KB: I had been working and even touring internationally with both Jón and Hallgrímur in other projects even before In Siren. It’s kind of funny how it all connects.
But he doesn’t happen to be from the same street as the other guys?
RÓ: The artwork for “Hverfum” is actually the Hnífsdalur valley.
KB: This photo is taken from the garden of our childhood home. So this is the view that we were waking up to in the morning as kids.
RÓ: There are three brothers in In Siren Kjartan, Erling and Hafliði, and their childhood friend Kristján who all grew up playing together. This guy [pointing at Kjartan] turned Kristján on to drums!
KB: My brother Erling, who plays bass in In Siren, and I bought a drum kit that was absolute crap. We had one of those big Quality Street [confectionery] tin cans as a snare drum and were practising every night, making noise and making everyone mad. And there was this kid hanging outside our garage – Kristján – looking through the window and spying on us, and was espcially curious about the drum kit. We invited him to play with us and the rest is history.
I was wondering what the connection with the artwork is. What was first? The lyrics of In Between Dreams or the cover art by Hólaf [Hörður Ólafsson, bass player and vocalist in Momentum]?
RÓ: When we we’re making In Between Dreams we set out to make an epic old school progressive rock album, so of course it had to be a concept album. The band’s name is taken from the Sirens in Homer’s Odyssey. These god-like female creatures who sang so beautifully that every sailor that heard them would row towards their island, just to be crushed on the cliffs surrounding the island. I was intrigued by this concept of beauty and death: The most beautiful thing you’ll ever hear is also the last thing you’ll hear. Or if you will: the same force that fills you with life, is equally likely to take your life, and that’s the core concept of all In Siren’s lyrics.

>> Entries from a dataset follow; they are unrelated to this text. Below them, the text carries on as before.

lemma sums_diff_delays:
  fixes l :: real and d :: "nat \<Rightarrow> int"
  assumes l: "0 \<le> l" "l < 1" and d: "\<forall>i. \<bar>d i\<bar> \<le> M"
  shows "(\<lambda>i. l ^ i * of_int (diff_delays b1 b2 d i))
           sums ((1 - l ^ b1) * (1 - l ^ b2) * (\<Sum>i. l ^ i * of_int (d i)))"
proof -
  define S where "S = (\<Sum>i. l ^ i * of_int (d i))"
  have "(\<lambda>i. l ^ i * of_int (d i) - l ^ i * of_int (delay b1 d i) - l ^ i * of_int (delay b2 d i)
           + l ^ i * of_int (delay (b1 + b2) d i)) sums (S - l ^ b1 * S - l ^ b2 * S + l ^ (b1 + b2) * S)"
    unfolding S_def
    by (intro sums_add sums_diff sums_delay[OF l d] summable_sums summable_discounted_bounded[OF l d])
  then show ?thesis
    by (simp add: S_def diff_delays_def power_add algebra_simps)
qed

lemma diff_delays_eq_0:
  assumes p1: "\<forall>i\<ge>a1. e1 (i + b1) = e1 i" and p2: "\<forall>i\<ge>a2. e2 (i + b2) = e2 i"
    and n: "a1 + b1 \<le> n" "a2 + b2 \<le> n" and i: "2 * n \<le> i"
  shows "diff_delays b1 b2 (\<lambda>j. e1 j - e2 j) i = 0"
proof -
  have "e1 i = e1 (i - b1)" "e1 (i - b2) = e1 (i - (b1 + b2))"
    using p1[rule_format, of "i - b1"] p1[rule_format, of "i - (b1 + b2)"] n i by simp_all
  moreover have "e2 i = e2 (i - b2)" "e2 (i - b1) = e2 (i - (b1 + b2))"
    using p2[rule_format, of "i - b2"] p2[rule_format, of "i - (b1 + b2)"] n i by (simp_all add: add.commute)
  ultimately show ?thesis using n i by (simp add: diff_delays_def delay_def)
qed

lemma abs_diff_delays_le:
  assumes "\<forall>j. \<bar>d j\<bar> \<le> D"
  shows "\<bar>diff_delays b1 b2 d i\<bar> \<le> 4 * D"
proof -
  have delay: "\<bar>delay b d i\<bar> \<le> D" for b using assms by (auto simp: delay_def)
  show ?thesis
    using delay[of b1] delay[of b2] delay[of "b1 + b2"] assms[rule_format, of i]
    unfolding diff_delays_def by linarith
qed

lemma discounted_diff_eq_ipoly:
  fixes l :: real and e1 e2 :: "nat \<Rightarrow> int"
  assumes l: "0 \<le> l" "l < 1" and W: "\<forall>i. \<bar>e1 i\<bar> \<le> W" "\<forall>i. \<bar>e2 i\<bar> \<le> W"
    and p1: "\<forall>i\<ge>a1. e1 (i + b1) = e1 i" and p2: "\<forall>i\<ge>a2. e2 (i + b2) = e2 i"
    and n: "a1 + b1 \<le> n" "a2 + b2 \<le> n"
  shows "(1 - l ^ b1) * (1 - l ^ b2) * ((\<Sum>i. l ^ i * of_int (e1 i)) - (\<Sum>i. l ^ i * of_int (e2 i)))
           = ipoly (diff_delays b1 b2 (\<lambda>j. e1 j - e2 j)) (2 * n) l"
proof -
  define c where "c = diff_delays b1 b2 (\<lambda>j. e1 j - e2 j)"
  have "\<forall>j. \<bar>e1 j - e2 j\<bar> \<le> 2 * W"
  proof
    fix j show "\<bar>e1 j - e2 j\<bar> \<le> 2 * W" using W(1)[rule_format, of j] W(2)[rule_format, of j] by arith
  qed
  then have "(\<lambda>i. l ^ i * of_int (c i))
      sums ((1 - l ^ b1) * (1 - l ^ b2) * (\<Sum>i. l ^ i * of_int (e1 i - e2 i)))"
    unfolding c_def by (rule sums_diff_delays[OF l])
  moreover have "(\<Sum>i. l ^ i * of_int (e1 i - e2 i))
      = (\<Sum>i. l ^ i * of_int (e1 i)) - (\<Sum>i. l ^ i * of_int (e2 i))"
    using summable_discounted_bounded[OF l W(1)] summable_discounted_bounded[OF l W(2)]
    by (simp add: suminf_diff right_diff_distrib)
  moreover have "(\<lambda>i. l ^ i * of_int (c i)) sums (\<Sum>i<2 * n. l ^ i * of_int (c i))"
    by (rule sums_finite) (use diff_delays_eq_0[OF p1 p2 n] in \<open>auto simp: c_def\<close>)
  then have "(\<lambda>i. l ^ i * of_int (c i)) sums ipoly c (2 * n) l"
    by (simp add: ipoly_def mult.commute)
  ultimately show ?thesis by (simp add: c_def sums_unique2)
qed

We had been working on In Between Dreams for some time when first saw this particular piece of art Hólaf by coincidence and I was completely mesmerized. His uniquely surreal two meter tall drawing gave me the missing pieces of the lyrical puzzle that I needed, and so everything on the album became one big juxtaposition between this life and death concept, Greek mythology and Hólaf’s artwork.
How does it work for the next album? Is this also a concept album?

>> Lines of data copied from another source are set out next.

theorem proposition4p13:
  shows "(\<forall>U. openK2 U \<and> U \<noteq> {} \<longrightarrow>
            (\<exists>N\<ge>3. \<forall>j\<ge>N. Bphi j \<inter> U \<noteq> {}))
       \<and> (\<forall>C\<in>K2. \<forall>e>0. \<exists>D\<in>(\<Union>j\<in>{3..}. Bphi j). hausdist C D < e)"
proof (intro conjI allI impI ballI)
  fix U assume U: "openK2 U \<and> U \<noteq> {}"
  then obtain C where C: "C \<in> U" "C \<in> K2"
    unfolding openK2_def by blast
  then obtain e where e: "e > 0" "\<forall>D\<in>K2. hausdist C D < e \<longrightarrow> D \<in> U"
    using U unfolding openK2_def by blast
  obtain N where "N \<ge> 3" "\<And>j. j \<ge> N \<Longrightarrow> \<exists>D\<in>Bphi j \<inter> K2. hausdist C D < e"
    using K2_near_Bphi[OF C(2) e(1)] by blast
  then show "\<exists>N\<ge>3. \<forall>j\<ge>N. Bphi j \<inter> U \<noteq> {}"
    using e(2) by blast
next
  fix C and e :: real assume "C \<in> K2" "e > 0"
  then obtain N where "N \<ge> 3" "\<exists>D\<in>Bphi N \<inter> K2. hausdist C D < e"
    using K2_near_Bphi by (metis order_refl)
  then show "\<exists>D\<in>(\<Union>j\<in>{3..}. Bphi j). hausdist C D < e"
    by blast
qed

end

RÓ: Yes it will definitely be a concept album, and we even have an idea for it. The idea arrived readymade one day as we we’re working on new material – such is the nature of ideas! This idea will be married with our core concept where we explore the relationship between beauty and death, euphoria and darkness.
KB: And, of course, the artwork will be linked to the concept.
RÓ: In this sense our latest single “Hverfum” is the outlier since it’s the only one not married to any artwork. And, as things stand now, it’s probably the only song we’re going to make in Icelandic.
KB: “Hverfum” will not appear on any any album either. It’ll just be a single. It’s liberating sometimes to step out of your own musical box and experiment and do whatever you feel like doing. And we felt like doing this one in Icelandic.
What is it about, since not everyone understands Icelandic?
RÓ: The lyric on “Hverfum” is treading on classic In Siren’s territory. The one thing that inspires your creativity can also be what will brings you over the edge. It’s the perilous intoxicating force that makes your heart beat and makes you want to embrace life but at a high price. And in classic In Siren’s fashion this force is “embodied” by a female metaphor. Like the Sirens in the Odyssey.
It’s been seven years, and, knowing the Icelandic music scene, we can of course excuse this by the numerous projects that everyone here has, but what motivated you guys to get back together?
RÓ: In Siren went on hiatus after we released In Between Dreams in 2012. The last thing we did was to perform the entire album at a release concert at Gaukurinn. We also performed covers of favourite prog songs “The Prophet’s Song” by Queen, and “Roundabout” by Yes. It was a very ambitious gig, with all the band members, old and new, coming together on stage.
After this, I guess we felt a bit depleted. Worn out by our own ambition, so to speak. So we sort of concentrated on other projects for a few years. Also Kjartan moved to London to study and lived there for 7 years.
KB: That was one of the main reasons for this long hiatus: Living in different countries made it difficult to keep the band going. But we never stopped talking about our next move — the band never quit — and so in our minds the band has always been alive. When I decided to move back to Iceland last year, it was kind of natural to pick it up at the place where we left it.
Can you actually point out some connections to other projects that together helped shape In Siren in order to draw a picture of the music scene?
RÓ: Hehe, in typical Icelandic fashion there’s a lot of connecting points here, so prepare to become confused!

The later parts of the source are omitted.